Leigh Halliday
YouTubeTwitterGitHub

Tree Structures in your Rails models

published Feb 4, 2015
  • #ruby-on-rails

What are tree structures used for?

Tree structures are needed any time you want to insert a hierarchy into your data. It's when you want to store relationships between data of the same type, vertically. Think of categories, org charts, and family trees; all have a tree structure to them. Some examples of this are.

Categories:

  • Electronics
    • Cameras
      • Bodies
      • Lenses

Or when working with organizational structures:

  • Product Team
    • IT Department
      • Team A
      • Team B
  • Finance Department
    • Auditing

3 Types of Trees

In a great article written about storing tree structures in the database, Alexey outlines 3 common patterns. They are parent-child, materialized path, and nested set.

Each of these patterns have different strengths and weaknesses, especially related to whether your application is read-heavy or write-heavy.

Parent-child

Pros: Simple, fast writes. Cons: Slow reads.

Parent-child tree structures are the easiest to understand, are very write-efficient, but can be extremely slow for reads, especially if your hierarchy spans more than 2 levels deep. The reason it is slow on reads is that it can't be done in a single query like the other patterns allow. If you're 5 levels deep and you want to get the top-level parent, you will need to perform 4 queries.

For this type of data, I don't use any sort of Gem to help me accomplish this because it is done very easily in plain Rails. Let's look into how we'd implement this for a Category class.

First, we need to add a parent_id column to the database. This is used to determine both the parent and the children of a specific category.

class AddParentIdToCategories < ActiveRecord::Migration
def change
add_column :category, :parent_id, :integer
end
end

Next, we'll add a parent relation to our model along with a children relation. Because we aren't following the normal Rails standards by naming the field like category_id, we have to tell it which class the relation refers to. I chose to use parent and children instead of category and categories, because I find it much clearer.
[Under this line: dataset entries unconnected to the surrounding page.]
(* Let $u,v$ be planar rooted trees with $|u|=m$ and $|v|=n$, and write $[p]_0=\{0,1,\dots,p\}$. (1) For every hash product $u\# v$ of $u$ with $v$ and every $k\in[m+n]_0$, there exists $(i,j)\in[m]_0\times[n]_0$ and hash products $u_{[1,i]}\# v_{[1,j]}$ and $u_{[i+1,m]}\# v_{[j+1,n]}$ such that $$(u\# v)_{[1,k]}\otimes(u\# v)_{[k+1,m+n]}=(u_{[1,i]}\# v_{[1,j]})\otimes(u_{[i+1,m]}\# v_{[j+1,n]}).$$ (2) Conversely, for every $(i,j)\in[m]_0\times[n]_0$ and all hash products $u_{[1,i]}\# v_{[1,j]}$ and $u_{[i+1,m]}\# v_{[j+1,n]}$, there is a hash product $u\# v$ such that $$(u_{[1,i]}\# v_{[1,j]})\otimes(u_{[i+1,m]}\# v_{[j+1,n]})=(u\# v)_{[1,i+j]}\otimes(u\# v)_{[i+j+1,m+n]}.$$
   Context: A tree is a finite planar rooted tree; its degree is the number of non-root nodes; $\odot$ is the one-node tree. Nodes $N(t)$ are ordered by depth-first post-order (subtrees left to right recursively, then the node; root maximal); write $u_1<\dots<u_n$ for the non-root nodes of a tree of degree $n$. For a set $A$ of non-root nodes, $t_A$ is obtained by deleting non-root nodes outside $A$ (children of a deleted node attached in order to its parent in its place); $t_{[i,j]}=t_{\{u_h,\dots,u_k\}}$ if $i\le j$ and $[i,j]\cap[n]=[h,k]\ne\emptyset$, else $t_{[i,j]}=\odot$. A partition of a tree $v$ of degree $n\ge 1$ is an ordered tuple $(v_{[n_0+1,n_1]},\dots,v_{[n_{k-1}+1,n_k]})$ with $0=n_0<\dots<n_k=n$. For a partition $P=(v_1,\dots,v_k)$ of $v$ and a tree $t$, $I(P,t)$ is the set of maps $f$ from the blocks to $N(t)$ with $f(v_1)<\dots<f(v_k)$. The hash product $t\#_{P,f}v$ is obtained from $t$ by identifying the root of each $v_i$ with $f(v_i)$, the children of the root of $v_i$ becoming children of $f(v_i)$ placed to the right of its original children. "A hash product $t\# v$" means $t\#_{P,f}v$ for some such $(P,f)$; by convention the only hash product $t\#\odot$ is $t$ (and for $t=\odot$ the hash products $\odot\# v$ equal $v$). *)

theory Defs
  imports Main
begin

datatype tree = Node "tree list"

definition odot :: tree where "odot = Node []"

fun children :: "tree \<Rightarrow> tree list" where
  "children (Node cs) = cs"

fun tsize :: "tree \<Rightarrow> nat" where
  "tsize (Node cs) = Suc (sum_list (map tsize cs))"

definition deg :: "tree \<Rightarrow> nat" where
  "deg t = tsize t - 1"

text \<open>Nodes are numbered 1,2,... in depth-first post-order; the root of t gets
  number deg t + 1, and the non-root nodes u_1 < ... < u_n get numbers 1..n.
  The offset k is the number of nodes preceding the (sub)tree in post-order.
  restr_t A k s deletes from the subtree s (at offset k) all nodes whose number is
  not in A, attaching the children of a deleted node in order at its place;
  it returns the resulting forest.\<close>
fun restr_t :: "nat set \<Rightarrow> nat \<Rightarrow> tree \<Rightarrow> tree list"
and restr_f :: "nat set \<Rightarrow> nat \<Rightarrow> tree list \<Rightarrow> tree list" where
  "restr_t A k (Node cs) =
     (if k + tsize (Node cs) \<in> A then [Node (restr_f A k cs)] else restr_f A k cs)"
| "restr_f A k [] = []"
| "restr_f A k (c # cs) = restr_t A k c @ restr_f A (k + tsize c) cs"

fun restrict :: "tree \<Rightarrow> nat set \<Rightarrow> tree" where
  "restrict (Node cs) A = Node (restr_f A 0 cs)"

definition tint :: "tree \<Rightarrow> nat \<Rightarrow> nat \<Rightarrow> tree" where
  "tint t i j = (if i \<le> j \<and> {i..j} \<inter> {1..deg t} \<noteq> {}
                 then restrict t ({i..j} \<inter> {1..deg t}) else odot)"

text \<open>A partition of v (degree n \<ge> 1) is given by its cut list [n_1,...,n_k]
  with 0 = n_0 < n_1 < ... < n_k = n.\<close>
definition is_cuts :: "nat \<Rightarrow> nat list \<Rightarrow> bool" where
  "is_cuts n ns \<longleftrightarrow> ns \<noteq> [] \<and> sorted_wrt (<) (0 # ns) \<and> last ns = n"

definition blocks :: "tree \<Rightarrow> nat list \<Rightarrow> tree list" where
  "blocks v ns = map (\<lambda>l. tint v ((0 # ns) ! l + 1) (ns ! l)) [0..<length ns]"

text \<open>A map f from the k blocks to N(t) with f(v_1) < ... < f(v_k), given as the list
  of post-order numbers of the images (nodes of t are numbered 1..deg t + 1).\<close>
definition is_place :: "tree \<Rightarrow> nat \<Rightarrow> nat list \<Rightarrow> bool" where
  "is_place t k ps \<longleftrightarrow> length ps = k \<and> sorted_wrt (<) ps \<and>
     (\<forall>p\<in>set ps. 1 \<le> p \<and> p \<le> deg t + 1)"

text \<open>Grafting: g p is the forest appended (to the right of the existing children)
  as new children of the node of t numbered p (numbers refer to the original t).\<close>
fun graft_t :: "(nat \<Rightarrow> tree list) \<Rightarrow> nat \<Rightarrow> tree \<Rightarrow> tree"
and graft_f :: "(nat \<Rightarrow> tree list) \<Rightarrow> nat \<Rightarrow> tree list \<Rightarrow> tree list" where
  "graft_t g k (Node cs) = Node (graft_f g k cs @ g (k + tsize (Node cs)))"
| "graft_f g k [] = []"
| "graft_f g k (c # cs) = graft_t g k c # graft_f g (k + tsize c) cs"

definition hash_prod :: "tree \<Rightarrow> tree \<Rightarrow> nat list \<Rightarrow> nat list \<Rightarrow> tree" where
  "hash_prod t v ns ps =
     graft_t (\<lambda>p. case map_of (zip ps (blocks v ns)) p of None \<Rightarrow> [] | Some b \<Rightarrow> children b) 0 t"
class Category < ActiveRecord::Base
belongs_to :parent, class_name: "Category"
has_many :children, class_name: "Category", foreign_key: "parent_id"
end

Now we can access our data like so:

category = Category.find 10 # Result: <Category id: 10, name: ....>
category.children.count # Result: 2
# SQL - SELECT COUNT(*) FROM "categories" WHERE "categories"."parent_id" = 10

If we wanted to add a method to category to get it's parent's name, or to check if it has a parent and/or children, we could do this:

def parent_name
# it may not have a parent
parent.try(:name)
end

def has_parent?
parent.present?
end

def has_children?
children.exists?
end

Materialized Path

Pros: Fast reads. Cons: Slow writes, more complicated.

This is a pattern that you're most likely familiar with, even if you haven't heard of the name before. Think of it like how the Bible is organized: John, Chapter 3, Verse 16. Each record essentially stores the "path" through it's ancestry. So John, Chapter 3, Verse 16 has all of the information necessary to go straight from the verse to John, the book.

The ancestry gem uses the materialized path pattern to handle relationship data in your model. Inserts are fairly complicated, so thankfully the gem handles the complexity for us.

Nested Set

Pros: Fast reads. Cons: Slow writes, more complicated.

Nested sets are possibly the most complicated to explain, and have very complicated logic when modifying the hierarchy, but provide very fast read-access to the data. The way it works is by adding left and right bounds to your data. Awesome nested set is a great Gem implementing the nested set pattern..

Here's an example of Colombia with a couple of its provinces and cities:

  • 1 Colombia 10, L1
    • 2 Antioquia 7, L2
      • 3 Medellín 4, L3
      • 5 Rio Negro 6, L3
    • 8 Chocó 9, L2

Colombia has 4 children. 2 of them (Antioquia and Chocó) are direct descendants (1 level below), and the other 2 are second level descendants (Medellín and Rio Negro), children of children.

If you wanted to find direct descendants of Colombia, you could do so with a query like so:

SELECT * FROM locations WHERE left > 1 AND right < 10 AND level = 2;

Or if you wanted to find out how many cities are in Antioquia, you could do so with the following query:

SELECT count(*) FROM locations WHERE left > 2 AND right < 7 AND level = 3;

Summary

In summary, if you are working with simple data, not nested too deeply and which isn't too read-heavy, I recommend using the basic parent-child pattern. If your data is multiple levels deep and is read-heavy, I recommend using either the materialized path or the nested set patterns.